Former Head Basketball Coach Jamion Christian, who officials fired in 2022 after a poor season by GW’s basketball team, received $774,000 in severance pay during FY 2022-23. Nolan received $338,000.
GW has offered severance to 14 former employees between FY 2017 and FY 2023, according to the University’s publicly available tax forms. Former Chief Financial Officer Lou Katz received the highest payment out of the payments reported during the six pay cycles — $1,736,534 in severance in FY 2020 upon his retirement after 28 years at GW.
Other notable payments include $1.32 million in FY 2019 to former Athletic Director Patrick Nero, who resigned in 2017.
Brinkerhoff pointed to severance payments to past faculty members that she theorized officials used to drive personnel turnover, including a buyout in the School of Business in 2014, where GW offered six-figure sums to business school professors who had taught at the school since 1990 in an effort to boost GW’s profile with younger, more research-minded professors.
“Even faculty members are on occasion offered buyouts to agree to retire or move on,” Brinkerhoff said. “The Business School did this in 2014 publicly and at scale.
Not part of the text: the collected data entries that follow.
theorem lemma5p5:
  fixes V :: "'v set" and E :: "'v set set" and q :: nat and S T :: "nat \<Rightarrow> 'v set"
    and l :: nat and El :: "'v set set" and x :: "'v set \<Rightarrow> real" and \<beta> :: real
    and F :: "'v set set"
    and N :: "'n set" and TE :: "'n set set" and M :: "'n \<Rightarrow> 'v"
    and P :: "'n set \<Rightarrow> 'v list" and y :: "'n set \<Rightarrow> real" and Eb :: "'n set set"
  assumes G: "graph V E"
    and ST: "\<forall>i\<in>{1..q}. S i \<noteq> {} \<and> T i \<noteq> {} \<and> S i \<subseteq> V \<and> T i \<subseteq> V"
    and l: "l \<ge> 1"
    and El: "El \<subseteq> E"
    and El_conn: "\<forall>i\<in>{1..q}. \<forall>X. T i \<subseteq> X \<and> X \<subseteq> V - S i \<longrightarrow> card (cut V El X) \<ge> l"
    and x01: "\<forall>e\<in>E. 0 \<le> x e \<and> x e \<le> 1"
    and xEl: "\<forall>e\<in>El. x e = 1"
    and xcut: "\<forall>i\<in>{1..q}. \<forall>X. T i \<subseteq> X \<and> X \<subseteq> V - S i \<longrightarrow>
                 (\<Sum>e\<in>cut V E X. x e) \<ge> real l + 1"
    and \<beta>: "\<beta> \<ge> 1"
    and F: "F \<subseteq> LARGE E l \<beta> x" "card F = l"
    and emb: "tree_embedding V E (xtilde l \<beta> (card V) x) N TE M P y"
    and Eb: "Eb \<subseteq> TE - Minv TE P F"
    and Z: "\<forall>(A, B) \<in> ZF V (LARGE E l \<beta> x) q S T N TE M P F.
              \<exists>a\<in>leaf_set N TE M A. \<exists>b\<in>leaf_set N TE M B. has_path N Eb a b"
  shows "\<forall>i\<in>{1..q}. \<exists>s\<in>S i. \<exists>t\<in>T i.
           has_path V ((LARGE E l \<beta> x \<union> Medges P Eb) - F) s t"
proof
  fix i assume i: "i \<in> {1..q}"
  let ?H = "LARGE E l \<beta> x - F"
  let ?G = "(LARGE E l \<beta> x \<union> Medges P Eb) - F"
  let ?Sh = "{Q \<in> components V ?H. shattered N TE M P F Q}"
  have image: "has_path V ?G (M a) (M b)" if "has_path N Eb a b" for a b
    using embedded_path_has_path[OF emb Eb that] has_path_mono[of V _ "M a" "M b" ?G] by blast
  have linked: "\<exists>a\<in>leaf_set N TE M (\<Union>A' \<union> compQ V ?H (S i)).
                 \<exists>b\<in>leaf_set N TE M (\<Union>B' \<union> compQ V ?H (T i)). has_path N Eb a b"
    if "A' \<union> B' = ?Sh" "A' \<inter> B' = {}" "compQ V ?H (S i) \<inter> compQ V ?H (T i) = {}" for A' B'
  proof -
    have "(\<Union>A' \<union> compQ V ?H (S i), \<Union>B' \<union> compQ V ?H (T i))
            \<in> ZF V (LARGE E l \<beta> x) q S T N TE M P F"
      using that i unfolding ZF_def Let_def by blast
    then show ?thesis using Z by fast
  qed
  show "\<exists>s\<in>S i. \<exists>t\<in>T i. has_path V ?G s t"
    by (rule has_path_if_partitions_linked[where H = ?H and Sh = ?Sh, OF _ _ image linked]) auto
qed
Sometimes buyouts, faculty or otherwise, are negotiated on a case-by-case basis and so don’t make the news.”
GW also paid former professor of biochemistry Rakesh Kumar $650,000 in severance pay and a buyout of tenure between in FY 2018, after receiving $828,150 in severance the year before, per GW’s financial documents.
Kumar resigned in 2016 following an $8 million lawsuit against GW for removing him from his position as chair of the biochemistry and molecular medicine department without following protocol, which was settled in August 2016.
Steven Levine — a lecturer at the Boston University School of Law and senior partner at Brown Rudnick, an international law firm — said the severance payments could have been stipulated by the former administrators’ contracts in the event of departures. He said contracts often include a provision that allows officials to receive severance regardless of their reason for leaving, unless they are fired for cause.
Levine said offering severance can also be used by universities and their trustees, who oversee top administrators’ paychecks, to entice someone to leave their position when they haven’t done something illegal or immoral that merits their firing.
“While that may be ambiguous, if the trustees decided that it was in the best interest of the institution for this guy to leave, they have to make some type of arrangement to induce him to do that and that would be true to the CFO and the president,” Levine said.